- Born: August 11, 1933 (age 92) Oklahoma City, Oklahoma
- Allegiance: United States (1950–1953)
- Branch: United States Army
- Service years: 1950–1953 (defected)
- Rank: Private
- Conflicts: Korean War

= Samuel David Hawkins =

American defector to China

Samuel David Hawkins (born August 11, 1933) was an American serviceman who became the youngest of the American defectors of the Korean War. Hawkins was one of twenty-two American and British servicemen to defect to China after the conclusion of the war in 1953. Hawkins returned to the United States in 1957.

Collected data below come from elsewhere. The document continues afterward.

(* Let $G=(V,E)$ be a surjective-only finite simple graph with incidence matrix $A$, and let $\lambda\in\mathbb{R}_{>0}^n$ be such that the matching problem $(G,\lambda)$ is stabilizable. Let $\Pi_{\ge0}=\{\mu\in\mathbb{R}_{\ge0}^m:A\mu=\lambda\}$. For $\mu\in\Pi_{\ge0}$, let $\underline{E}=\{k\in E:\mu_k>0\}$ and $\underline{G}=(V,\underline{E})$. Then $\mu$ is a vertex of the polytope $\Pi_{\ge0}$ if and only if $\underline{G}$ is injective.
   Context: Incidence matrix: $a_{i,k}=1$ iff node $i$ is an endpoint of edge $e_k$. A graph is injective if the linear map $y\mapsto Ay$ defined by its incidence matrix is injective, equivalently every connected component is a tree or a unicyclic graph whose cycle is odd. Surjective-only: every connected component is non-bipartite and the graph is not injective. A vertex of a convex polytope $\Upsilon$ is a point $y\in\Upsilon$ that cannot be written as a convex combination of points of $\Upsilon\setminus\{y\}$. Stabilizability of $(G,\lambda)$ (existence of a policy making the matching Markov chain positive recurrent) is, for surjective $G$, equivalent to the existence of $\mu\in\mathbb{R}_{>0}^m$ with $A\mu=\lambda$. *)

theory Defs
  imports Complex_Main
begin

text \<open>Vectors in R^m (indexed by edges) are functions 'v set => real that vanish off E;
  vectors in R^n (indexed by nodes) are functions 'v => real considered on V.\<close>

definition simple_graph :: "'v set \<Rightarrow> 'v set set \<Rightarrow> bool" where
  "simple_graph V E \<longleftrightarrow> finite V \<and> (\<forall>e\<in>E. \<exists>a b. a \<in> V \<and> b \<in> V \<and> a \<noteq> b \<and> e = {a, b})"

==Early life and wartime experience==
Hawkins was born in Oklahoma City, Oklahoma. His father, Clayton O. Hawkins, whom Hawkins says he had an unhappy relationship with during his childhood, had served in World War II. He enlisted in the U.S. Army at the age of 16. He served in the Korean War and was captured and made a prisoner of war by the Chinese People's Volunteer Army troops. He chose to remain in China after the signing of the 1953 Korean Armistice Agreement, one of twenty-two American and British servicemen to do so. While in China, he studied politics at the People's University of China in Beijing, and later worked in Wuhan as a mechanic. Hawkins was featured in Virginia Pasley's 1955 book 21 Stayed: The Story of the American GIs Who Chose Communist China—Who They Were and Why They Stayed. His father died in a fire in Tuskahoma, Oklahoma, while Hawkins was in a prisoner-of-war camp in China. In 1954 Hawkins was dishonorably discharged from the U.S. Army. In 1956 he married a White Russian woman named Tanya who had grown up in a French convent in China and worked at the Soviet embassy in Beijing.

Hawkins was permitted to speak with the foreign press in China. His interviewers included journalist William Worthy, as well as correspondents from Reuters and Look magazine. As early as June 1956, Hawkins indicated his desire to return home in an interview with a British journalist. Finally, in late February 1957, he took a train from Guangzhou to the border with British-ruled Hong Kong and departed mainland China by walking across a rail-bridge to the British territory. Upon his arrival in Hong Kong he was met by U.S. Vice Consul S.M. Backe, who questioned Hawkins and issued him a one-way passport to the United States. He stated that the major motivation for his departure from China was the way the Soviets had suppressed the Hungarian Revolution of 1956, which turned him off Communism. He was the seventh ex-U.S. Army soldier to come back after defecting to China.

==Return to the United States==
Neither the U.S. nor the Chinese government provided Hawkins with money for his return trip to North America, but a wealthy Oklahoma City oilman, M. H. Champion, paid for Hawkins' ticket after Hawkins' mother, Carley Sallee Jones, made a public plea for assistance. Champion also promised Hawkins a job after his return to America. Hawkins landed in Los Angeles on March 2, 1957, after having been gone for more than three years. On June 23, 1957, he was interviewed by Mike Wallace, and explained his decision to defect and his motivations for eventually returning to the United States. The following week, Wallace interviewed World War II veteran and Medal of Honor recipient Charles E. Kelly. Wallace described how Hawkins had been "accepted back into his community," and asked Kelly, "How do you think that we should treat U.S. Army turncoats?" Kelly responded:

He's a human being; we should treat him the same as we treat any other G.I. In my opinion, I think the boy deserves it; he just got off on the wrong track. And I know for a fact when he went to Korea, he didn't know whether he was going to come back or he was going to stay there. So, maybe he got a little scared when he was captured. Maybe he was pressured, tortured. I don't think it's the boy's own fault. No doubt at the time—I never seen him or never met him—no doubt he was young and he wasn't trained properly.

In June 1957, it was announced that Hawkins' wife Tanya would arrive in Hong Kong, with the intention of traveling to the United States to be with her husband. She arrived in the U.S. in the fall of 1957. She claimed that after her husband left China, she lost her job there.

After his return to the United States, David Hawkins worked in Oklahoma City as a salesman in an oil firm. In 2001, the United Press and Associated Press reported that Hawkins had studied to become a physician's assistant, was married, and had children. Hawkins returned to China to participate in the filming of Shuibo Wang's 2005 documentary film They Chose China, about the 22 American and British soldiers who defected. The film features fellow defector Clarence Adams.